收服無效,鍾大人也很好奇,這夏侯青鋒,到底是什麽身份,自己在來接受武威產業的時候,那位樓主親自叮囑自己,讓自己不要去招惹夏侯青鋒,若說能力,樓內之人,比夏侯青鋒強的不再少數,但是能夠被樓主鄭重以待的,唯有夏侯青鋒一人。

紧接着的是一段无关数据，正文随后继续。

(* Let $X=(x_{ij})$ be an $n\times n$ alternating matrix of indeterminates over $\mathbb{Z}$, with $n\geqslant4$ even. Set $S=\mathbb{Z}[X]$ and $R=S/(\operatorname{pf}X)$. Fix a prime $p>0$ and let $\varphi_p$ be the standard $p$-derivation on $S$ with respect to the indeterminates $x_{ij}$, $i<j$. Then \[ \left[\frac{\varphi_p(\operatorname{pf}X)}{(x_{12}\cdots x_{1n})^p}\right]\in H^{n-1}_{(x_{12},\dots,x_{1n})}(R) \] is a nonzero $p$-torsion element, and its image in $H^{n-1}_{(x_{12},\dots,x_{1n})}(R/pR)$ is nonzero. In particular, $H^{n-1}_{(x_{12},\dots,x_{1n})}(R)$ contains a nonzero $p$-torsion element for each prime $p>0$.
   Context: $\operatorname{pf}X$ is the Pfaffian of $X$. For a polynomial ring $S=\mathbb{Z}[\boldsymbol{x}]$, the standard lift of Frobenius $\Lambda_p$ is the ring endomorphism with $\Lambda_p(x)=x^p$ for each indeterminate $x$, and the standard $p$-derivation is $\varphi_p(s)=(\Lambda_p(s)-s^p)/p$. The local cohomology class is the Čech class of the image of $\varphi_p(\operatorname{pf}X)$ in $R$. *)

theory Defs
  imports "HOL-Library.Poly_Mapping" "HOL-Computational_Algebra.Primes" "HOL-Combinatorics.Permutations"
begin

text \<open>S = Z[x_ij] : polynomials over int in variables indexed by pairs (i,j) (0-based, i<j).\<close>

type_synonym mono = "(nat \<times> nat) \<Rightarrow>\<^sub>0 nat"
type_synonym zpoly = "mono \<Rightarrow>\<^sub>0 int"

definition Xvar :: "nat \<Rightarrow> nat \<Rightarrow> zpoly" where
  "Xvar i j = Poly_Mapping.single (Poly_Mapping.single (i, j) 1) 1"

見鍾大人收回氣勢,夏侯青鋒也不會得寸進尺,他來武威,有著更重要的事情要做,而這樣的事情,也需要借助鍾大人的力量,雖然鍾大人不會在大事之上打馬虎眼,但是暗地裡的小手段也很麻煩,所以如非必要,夏侯青鋒也不願意和鍾大人交惡,那樣的話,畢竟是得不償失。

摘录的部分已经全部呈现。